Parents who let their children play addictive video games have hit back at claims they increase playground violence and lure children into a bloody and crime-fuelled fantasy world.
One father told The Huffington Post UK he was not "the slightest bit worried" about his 17-year-old son, who plays games such as Call of Duty, building up rage, resentment, anger - or even the odd supernatural combat skill.
The comments came after a teacher union leader warned addictive video games are contributing to a "marked increase" in playground violence, with pupils as young as four and five are acting out graphic scenes of violence in the playground and lashing out in the classroom.
Computer games have long been deemed the cause for today's "lost youth", with teachers, parents and experts alike blaming the virtual worlds for corrupting innocent minds and leading children down the proverbial garden path.
But The Huffington Post UK spoke to parents who continue to let their children play such video games, and heard how - shock horror - their children turned out perfectly normal.
Brian Baglow, who worked on the first Grand Theft Auto (GTA) game back in 1997, is father to a 17-year-old boy who plays addictive computer games.
He argues the main problem with games today is not the violent content itself but the "quality and fidelity" of the graphics.
"We've arguably been doing exactly the same thing since the earliest days of arcade machines - blowing things up.
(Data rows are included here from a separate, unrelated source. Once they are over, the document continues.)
(* Let $n\ge 0$ be an integer. Then for every real $r$ with $|r|>1$, $$\int_{-1}^1 \frac{U_n(s)(1-s^2)^{\frac{3}{2}}}{(s-r)^3}\,ds = \frac{\pi}{2}\left[(n^2+2n+3)-3(n+1)\frac{|r|}{\sqrt{r^2-1}}\right]\left(r-\frac{|r|}{r}\sqrt{r^2-1}\right)^{n+1}.$$
   Context: $U_k(s)=\frac{\sin((k+1)\cos^{-1}s)}{\sin(\cos^{-1}s)}$ is the Tchebyshev polynomial of the second kind. Since $|r|>1$, the integral is an ordinary (nonsingular) integral. *)

theory Defs
  imports "HOL-Analysis.Analysis"
begin

text \<open>Chebyshev polynomial of the second kind, defined as in the paper:
  U_k(s) = sin((k+1) arccos s) / sin(arccos s).  (At s = 1 or s = -1 the
  quotient is 0/0, which Isabelle evaluates to 0; this is a null set.)\<close>
definition chebU :: "nat \<Rightarrow> real \<Rightarrow> real" where
  "chebU k s = sin ((real k + 1) * arccos s) / sin (arccos s)"

end

theory Submission
  imports Defs
begin

(* Substituting s = cos t turns the integral into the integral over [0, pi] of
   sin((n+1) t) sin(t)^3 / (cos t - r)^3.  By the product-to-sum formula and
   sin(t)^2 = (1 - r^2) + 2 r u - u^2 with u = r - cos t, this is a combination of the integrals
   I_m(k) = integral over [0, pi] of cos(k t) / u^m for m = 1, 2, 3 and k = n, n + 2.
   Writing cos((k+2) t) = 2 cos t cos((k+1) t) - cos(k t) and cos t = r - u gives
   I_(m+1)(k+2) = 2 r I_(m+1)(k+1) - 2 I_m(k+1) - I_(m+1)(k), with I_0(k) = 0 for k > 0.
   Hence each I_m(k) is p^k times a polynomial in k, where p = r - q is the root of
   x^2 - 2 r x + 1 in (-1, 1) and q = sgn(r) sqrt(r^2 - 1).  The starting values come from an
   explicit antiderivative of 1/u and from integrating the derivatives of sin t / u^j over [0, pi]. *)

(* chebU is 0/0 at s = 1 and s = -1; the polynomial form is continuous on [-1, 1], as the
   substitution s = cos t requires. *)
fun chebyshevU :: "nat \<Rightarrow> real \<Rightarrow> real" where
  "chebyshevU 0 s = 1"
| "chebyshevU (Suc 0) s = 2 * s"
| "chebyshevU (Suc (Suc n)) s = 2 * s * chebyshevU (Suc n) s - chebyshevU n s"

lemma chebyshevU_cos: "chebyshevU n (cos t) * sin t = sin ((real n + 1) * t)"
proof (induction n rule: induct_nat_012)
  case 0
  show ?case by simp
next
  case 1
  show ?case by (simp add: sin_double)
next
  case (ge2 n)
  have "sin ((real n + 3) * t) = 2 * cos t * sin ((real n + 2) * t) - sin ((real n + 1) * t)"
    using sin_add[of "(real n + 2) * t" t] sin_diff[of "(real n + 2) * t" t]
    by (simp add: algebra_simps)
  with ge2 show ?case
    by (simp add: algebra_simps numeral_eq_Suc)
qed

lemma continuous_on_chebyshevU: "continuous_on S (chebyshevU n)"
  by (induction n rule: induct_nat_012) (auto intro!: continuous_intros)

lemma chebU_eq_chebyshevU:
  assumes "-1 < s" "s < 1"
  shows "chebU n s = chebyshevU n s"
proof -
  have "sin (arccos s) > 0"
    using arccos_lt_bounded[OF assms] by (simp add: sin_gt_zero)
  then show ?thesis
    using chebyshevU_cos[of n "arccos s"] assms unfolding chebU_def by (simp add: field_simps)
qed

lemma has_integral_real_FTC:
  fixes f f' :: "real \<Rightarrow> real"
  assumes "a \<le> b" and "\<And>x. (f has_real_derivative f' x) (at x)"
  shows "(f' has_integral (f b - f a)) {a..b}"
  using assms(1) by (rule fundamental_theorem_of_calculus)
    (use assms(2) in \<open>auto simp: has_real_derivative_iff_has_vector_derivative[symmetric]
       intro: has_field_derivative_at_within\<close>)

lemma r_minus_cos_nonzero:
  fixes r t :: real
  assumes "\<bar>r\<bar> > 1"
  shows "r - cos t \<noteq> 0"
  using assms abs_cos_le_one[of t] by (cases "r = cos t") auto

lemma cos_divide_power:
  fixes r t :: real
  assumes "r - cos t \<noteq> 0"
  shows "cos t / (r - cos t) ^ (m + 1) = r / (r - cos t) ^ (m + 1) - 1 / (r - cos t) ^ m"
proof -
  have "(r - u) / u ^ Suc m = r / u ^ Suc m - 1 / u ^ m" if "u \<noteq> 0" for u :: real
    using that by (simp add: diff_divide_distrib)
  from this[of "r - cos t"] assms show ?thesis by simp
qed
Space Invaders did it. Call of Duty does it. It's just far more realistic and gory nowadays."
Baglow says it is the responsibility of the parent, not the games industry, to regulate what their children are seeing.
"There's a whole rating system in place to show exactly what sort of content is in a game. Yet for a great many parents, they will allow their children to sit down and play anything - regardless of what's on the box.
"They're simply buying it without even considering the content. Claiming ignorance about games or the Internet simply isn't good enough."
But, he continues, he has let his son play "a number of games which a rated for older kids".
"I know exactly what he's played and have sat and watched him do it." Baglow says the key is discussing the content in the games and how it has made his son feel.
"Which," he adds, "most of the time is thrilled, excited or happy.
"He's indulging in some fun and relieving some stress after a tough term at school. I'm not in the slightest bit worried about him building up rage, resentment, anger (or building a set of supernatural combat skills)."
Additionally, mother-of-two Sarah says her 13-year-old step-son regularly plays violent video games, and used to play up for to eight hours a week.
She told HuffPost the games are not damaging, "provided the player is capable of distinguishing fantasy and reality - which I think most children are".
"I played violent games when I was a teenager and they didn't make me aggressive or violent - in fact, I found them relaxing," Sarah says. "They're a safe space to play out aggressive feelings.
"I think there are hugely beneficial things about videogames that the press often ignores. I watch my step-son play, and he learns a lot about history, about strategic thinking, about design and construction, and about team play. His successes also boost his confidence. I'd much rather him play them than veg out in front of the television."
According to Baglow, rather than becoming ignorantly immersed into a virtual world, his son actually "despairs of the whole issue".
"A game is very clearly not the real world. Any action in any game does not to behaviour or skills in the real world.
"His favourite game is (currently) Fifa and it's not made him a world class footballer. Similarly, his love for Modern Warfare 3 has not turned him into a special forces ninja, or a troubled, heavily-armed loner."
Baglow concludes by saying the violence of video games, and in particular GTA, was "never, ever the point".
"It was all about creating something new and fun."